Assigned task:
Filter the entries down to the lines containing "noteq", and copy those lines.

Extracted data entries
━━━

(* The forgetful functor $U:\mathbf{balg}\to\mathsf{WSet}$, $A\mapsto(A,\|\cdot\|)$, has a left adjoint; it sends a weighted set $(X,w)$ to the canonical extension $F(X,w)^\sigma$ of the free bounded archimedean $\ell$-algebra $F(X,w)$ on $(X,w)$.
   Context: An $\ell$-algebra is a commutative unital $\mathbb{R}$-algebra with a lattice order compatible with addition, with products and nonnegative scalar multiples of nonnegative elements nonnegative. It is bounded if each $a\le n\cdot1$ for some $n\in\mathbb{N}$, archimedean if $n\cdot a\le b$ for all $n$ implies $a\le0$. $\mathbf{bal}$ is the category of bounded archimedean $\ell$-algebras and unital $\ell$-algebra homomorphisms; $\|a\|=\inf\{r\mid a\vee(-a)\le r\cdot1\}$. A basic algebra is an $A\in\mathbf{bal}$ that is Dedekind complete (every subset bounded above has a supremum) and whose boolean algebra of idempotents ($e\vee f=e+f-ef$, $e\wedge f=ef$, $\neg e=1-e$) is atomic; $\mathbf{balg}$ is the category of basic algebras and $\mathbf{bal}$-morphisms preserving all existing joins and meets. A canonical extension of $A\in\mathbf{bal}$ is a basic algebra $A^\sigma$ with a $\mathbf{bal}$-monomorphism $e:A\to A^\sigma$ such that every element of $A^\sigma$ is a join of meets of elements of $e[A]$, and for $S,T\subseteq A$ and $\varepsilon>0$, $\bigwedge e[S]+\varepsilon\le\bigvee e[T]$ implies $\bigwedge e[S']\le\bigvee e[T']$ for some finite $S'\subseteq S,T'\subseteq T$; it exists and is unique up to isomorphism. A weighted set is $(X,w)$ with $w:X\to[0,\infty)$; $\mathsf{WSet}$-morphisms $(X_1,w_1)\to(X_2,w_2)$ are functions with $w_2(f(x))\le w_1(x)$. $F(X,w)$ denotes the value at $(X,w)$ of the left adjoint of the forgetful functor $\mathbf{bal}\to\mathsf{WSet}$. *)

theory Defs
  imports Main "HOL.Real"
begin

record 'a lalg =
  car :: "'a set"
  zr  :: 'a
  un  :: 'a
  ad  :: "'a \<Rightarrow> 'a \<Rightarrow> 'a"
  ng  :: "'a \<Rightarrow> 'a"
  ml  :: "'a \<Rightarrow> 'a \<Rightarrow> 'a"
  sm  :: "real \<Rightarrow> 'a \<Rightarrow> 'a"
  lq  :: "'a \<Rightarrow> 'a \<Rightarrow> bool"

definition is_ub :: "'a lalg \<Rightarrow> 'a set \<Rightarrow> 'a \<Rightarrow> bool" where
  "is_ub A S u \<longleftrightarrow> u \<in> car A \<and> (\<forall>s\<in>S. lq A s u)"

definition is_lub :: "'a lalg \<Rightarrow> 'a set \<Rightarrow> 'a \<Rightarrow> bool" where
  "is_lub A S u \<longleftrightarrow> is_ub A S u \<and> (\<forall>v. is_ub A S v \<longrightarrow> lq A u v)"

definition is_lb :: "'a lalg \<Rightarrow> 'a set \<Rightarrow> 'a \<Rightarrow> bool" where
  "is_lb A S u \<longleftrightarrow> u \<in> car A \<and> (\<forall>s\<in>S. lq A u s)"

definition is_glb :: "'a lalg \<Rightarrow> 'a set \<Rightarrow> 'a \<Rightarrow> bool" where
  "is_glb A S u \<longleftrightarrow> is_lb A S u \<and> (\<forall>v. is_lb A S v \<longrightarrow> lq A v u)"

definition lsup :: "'a lalg \<Rightarrow> 'a \<Rightarrow> 'a \<Rightarrow> 'a" where
  "lsup A a b = (THE c. is_lub A {a, b} c)"

definition linf :: "'a lalg \<Rightarrow> 'a \<Rightarrow> 'a \<Rightarrow> 'a" where
  "linf A a b = (THE c. is_glb A {a, b} c)"

definition l_algebra :: "'a lalg \<Rightarrow> bool" where
  "l_algebra A \<longleftrightarrow>
     \<comment> \<open>closure\<close>
     zr A \<in> car A \<and> un A \<in> car A \<and>
     (\<forall>a\<in>car A. \<forall>b\<in>car A. ad A a b \<in> car A \<and> ml A a b \<in> car A) \<and>
     (\<forall>a\<in>car A. ng A a \<in> car A) \<and>
     (\<forall>r. \<forall>a\<in>car A. sm A r a \<in> car A) \<and>
     \<comment> \<open>abelian group\<close>
     (\<forall>a\<in>car A. \<forall>b\<in>car A. \<forall>c\<in>car A. ad A (ad A a b) c = ad A a (ad A b c)) \<and>
     (\<forall>a\<in>car A. \<forall>b\<in>car A. ad A a b = ad A b a) \<and>
     (\<forall>a\<in>car A. ad A a (zr A) = a) \<and>
     (\<forall>a\<in>car A. ad A a (ng A a) = zr A) \<and>
     \<comment> \<open>commutative unital ring\<close>
     (\<forall>a\<in>car A. \<forall>b\<in>car A. \<forall>c\<in>car A. ml A (ml A a b) c = ml A a (ml A b c)) \<and>
     (\<forall>a\<in>car A. \<forall>b\<in>car A. ml A a b = ml A b a) \<and>
     (\<forall>a\<in>car A. ml A a (un A) = a) \<and>
     (\<forall>a\<in>car A. \<forall>b\<in>car A. \<forall>c\<in>car A. ml A a (ad A b c) = ad A (ml A a b) (ml A a c)) \<and>
     \<comment> \<open>real algebra\<close>
     (\<forall>r. \<forall>a\<in>car A. \<forall>b\<in>car A. sm A r (ad A a b) = ad A (sm A r a) (sm A r b)) \<and>
     (\<forall>r s. \<forall>a\<in>car A. sm A (r + s) a = ad A (sm A r a) (sm A s a)) \<and>
     (\<forall>r s. \<forall>a\<in>car A. sm A (r * s) a = sm A r (sm A s a)) \<and>
     (\<forall>a\<in>car A. sm A 1 a = a) \<and>
     (\<forall>r. \<forall>a\<in>car A. \<forall>b\<in>car A. sm A r (ml A a b) = ml A (sm A r a) b) \<and>
     \<comment> \<open>partial order which is a lattice\<close>
     (\<forall>a\<in>car A. lq A a a) \<and>
     (\<forall>a\<in>car A. \<forall>b\<in>car A. lq A a b \<and> lq A b a \<longrightarrow> a = b) \<and>
     (\<forall>a\<in>car A. \<forall>b\<in>car A. \<forall>c\<in>car A. lq A a b \<and> lq A b c \<longrightarrow> lq A a c) \<and>
     (\<forall>a\<in>car A. \<forall>b\<in>car A. (\<exists>c. is_lub A {a, b} c) \<and> (\<exists>c. is_glb A {a, b} c)) \<and>
     \<comment> \<open>compatibility\<close>
     (\<forall>a\<in>car A. \<forall>b\<in>car A. \<forall>c\<in>car A. lq A a b \<longrightarrow> lq A (ad A a c) (ad A b c)) \<and>
     (\<forall>a\<in>car A. \<forall>b\<in>car A. lq A (zr A) a \<and> lq A (zr A) b \<longrightarrow> lq A (zr A) (ml A a b)) \<and>
     (\<forall>r. \<forall>a\<in>car A. 0 \<le> r \<and> lq A (zr A) a \<longrightarrow> lq A (zr A) (sm A r a))"

definition bounded_l :: "'a lalg \<Rightarrow> bool" where
  "bounded_l A \<longleftrightarrow> (\<forall>a\<in>car A. \<exists>n::nat. lq A a (sm A (real n) (un A)))"

definition archimedean_l :: "'a lalg \<Rightarrow> bool" where
  "archimedean_l A \<longleftrightarrow>
     (\<forall>a\<in>car A. \<forall>b\<in>car A. (\<forall>n::nat. lq A (sm A (real n) a) b) \<longrightarrow> lq A a (zr A))"

definition bal :: "'a lalg \<Rightarrow> bool" where
  "bal A \<longleftrightarrow> l_algebra A \<and> bounded_l A \<and> archimedean_l A"

definition lnorm :: "'a lalg \<Rightarrow> 'a \<Rightarrow> real" where
  "lnorm A a = Inf {r. 0 \<le> r \<and> lq A (lsup A a (ng A a)) (sm A r (un A))}"

definition bal_hom :: "'a lalg \<Rightarrow> 'b lalg \<Rightarrow> ('a \<Rightarrow> 'b) \<Rightarrow> bool" where
  "bal_hom A B g \<longleftrightarrow>
     (\<forall>a\<in>car A. g a \<in> car B) \<and>
     g (un A) = un B \<and>
     (\<forall>a\<in>car A. \<forall>b\<in>car A. g (ad A a b) = ad B (g a) (g b)) \<and>
     (\<forall>a\<in>car A. \<forall>b\<in>car A. g (ml A a b) = ml B (g a) (g b)) \<and>
     (\<forall>r. \<forall>a\<in>car A. g (sm A r a) = sm B r (g a)) \<and>
     (\<forall>a\<in>car A. \<forall>b\<in>car A. g (lsup A a b) = lsup B (g a) (g b)) \<and>
     (\<forall>a\<in>car A. \<forall>b\<in>car A. g (linf A a b) = linf B (g a) (g b))"

definition dedekind_complete :: "'a lalg \<Rightarrow> bool" where
  "dedekind_complete A \<longleftrightarrow>
     (\<forall>S. S \<subseteq> car A \<and> S \<noteq> {} \<and> (\<exists>u. is_ub A S u) \<longrightarrow> (\<exists>u. is_lub A S u))"

definition idems :: "'a lalg \<Rightarrow> 'a set" where
  "idems A = {e \<in> car A. ml A e e = e}"

text \<open>Order of the boolean algebra of idempotents: e \<le> f iff e f = e.\<close>
definition idem_atom :: "'a lalg \<Rightarrow> 'a \<Rightarrow> bool" where
  "idem_atom A a \<longleftrightarrow> a \<in> idems A \<and> a \<noteq> zr A \<and>
     (\<forall>f\<in>idems A. ml A f a = f \<longrightarrow> f = zr A \<or> f = a)"

definition idems_atomic :: "'a lalg \<Rightarrow> bool" where
  "idems_atomic A \<longleftrightarrow>
     (\<forall>e\<in>idems A. e \<noteq> zr A \<longrightarrow> (\<exists>a. idem_atom A a \<and> ml A a e = a))"

definition basic :: "'a lalg \<Rightarrow> bool" where
  "basic A \<longleftrightarrow> bal A \<and> dedekind_complete A \<and> idems_atomic A"

definition balg_hom :: "'a lalg \<Rightarrow> 'b lalg \<Rightarrow> ('a \<Rightarrow> 'b) \<Rightarrow> bool" where
  "balg_hom A B g \<longleftrightarrow> bal_hom A B g \<and>
     (\<forall>S u. S \<subseteq> car A \<and> is_lub A S u \<longrightarrow> is_lub B (g ` S) (g u)) \<and>
     (\<forall>S u. S \<subseteq> car A \<and> is_glb A S u \<longrightarrow> is_glb B (g ` S) (g u))"

definition canonical_extension :: "'a lalg \<Rightarrow> 'b lalg \<Rightarrow> ('a \<Rightarrow> 'b) \<Rightarrow> bool" where
  "canonical_extension A S e \<longleftrightarrow>
     basic S \<and> bal_hom A S e \<and> inj_on e (car A) \<and>
     \<comment> \<open>every element is a join of meets of elements of e[A]\<close>
     (\<forall>s\<in>car S. \<exists>\<T>. (\<forall>T\<in>\<T>. T \<subseteq> car A \<and> (\<exists>m. is_glb S (e ` T) m)) \<and>
                       is_lub S {m. \<exists>T\<in>\<T>. is_glb S (e ` T) m} s) \<and>
     \<comment> \<open>compactness\<close>
     (\<forall>P Q m j \<epsilon>. P \<subseteq> car A \<and> Q \<subseteq> car A \<and> (\<epsilon>::real) > 0 \<and>
        is_glb S (e ` P) m \<and> is_lub S (e ` Q) j \<and> lq S (ad S m (sm S \<epsilon> (un S))) j \<longrightarrow>
        (\<exists>P' Q' m' j'. finite P' \<and> finite Q' \<and> P' \<subseteq> P \<and> Q' \<subseteq> Q \<and> P' \<noteq> {} \<and> Q' \<noteq> {} \<and>
           is_glb S (e ` P') m' \<and> is_lub S (e ` Q') j' \<and> lq S m' j'))"

definition wset :: "'x set \<Rightarrow> ('x \<Rightarrow> real) \<Rightarrow> bool" where
  "wset X w \<longleftrightarrow> (\<forall>x\<in>X. 0 \<le> w x)"

text \<open>A WSet-morphism (X,w) \<rightarrow> U(A) = (A, norm).\<close>
definition wmor :: "'x set \<Rightarrow> ('x \<Rightarrow> real) \<Rightarrow> 'a lalg \<Rightarrow> ('x \<Rightarrow> 'a) \<Rightarrow> bool" where
  "wmor X w A f \<longleftrightarrow> (\<forall>x\<in>X. f x \<in> car A \<and> lnorm A (f x) \<le> w x)"

end

theory Submission
  imports Defs
begin

text \<open>A basic algebra \<open>A\<close> is the algebra of bounded real functions on its atoms: for an atom \<open>p\<close> the
  element \<open>p a\<close> is a real multiple \<open>\<chi>\<^sub>p(a) p\<close>, and the coordinates \<open>\<chi>\<^sub>p\<close> determine the order, every
  bounded family of coordinates is realised, and joins and meets are computed coordinatewise.
  A \<open>\<^bold>b\<^bold>a\<^bold>l\<close>-morphism \<open>h : F \<rightarrow> A\<close> is therefore given by the real characters \<open>\<chi>\<^sub>p \<circ> h\<close>. By the compactness
  of the canonical extension \<open>e : F \<rightarrow> F\<^sup>\<sigma>\<close>, every real character of \<open>F\<close> is the coordinate of \<open>e\<close> at an
  atom of \<open>F\<^sup>\<sigma>\<close>; this sends atoms of \<open>A\<close> to atoms of \<open>F\<^sup>\<sigma>\<close>, and precomposing coordinates along it is a
  \<open>\<^bold>b\<^bold>a\<^bold>l\<^bold>g\<close>-morphism \<open>F\<^sup>\<sigma> \<rightarrow> A\<close> extending \<open>h\<close>. It is unique because every element of \<open>F\<^sup>\<sigma>\<close> is a join of
  meets of elements of \<open>e[F]\<close>. Together with the freeness of \<open>F(X, w)\<close> this is the adjunction; the weight
  condition holds because morphisms do not increase the norm.\<close>

section \<open>Lattice-ordered algebras\<close>

locale l_alg =
  fixes A :: "'a lalg"
  assumes l_algebra: "l_algebra A"
begin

━━━

Solved problem:
     (\<forall>S. S \<subseteq> car A \<and> S \<noteq> {} \<and> (\<exists>u. is_ub A S u) \<longrightarrow> (\<exists>u. is_lub A S u))"
  "idem_atom A a \<longleftrightarrow> a \<in> idems A \<and> a \<noteq> zr A \<and>
     (\<forall>e\<in>idems A. e \<noteq> zr A \<longrightarrow> (\<exists>a. idem_atom A a \<and> ml A a e = a))"
        (\<exists>P' Q' m' j'. finite P' \<and> finite Q' \<and> P' \<subseteq> P \<and> Q' \<subseteq> Q \<and> P' \<noteq> {} \<and> Q' \<noteq> {} \<and>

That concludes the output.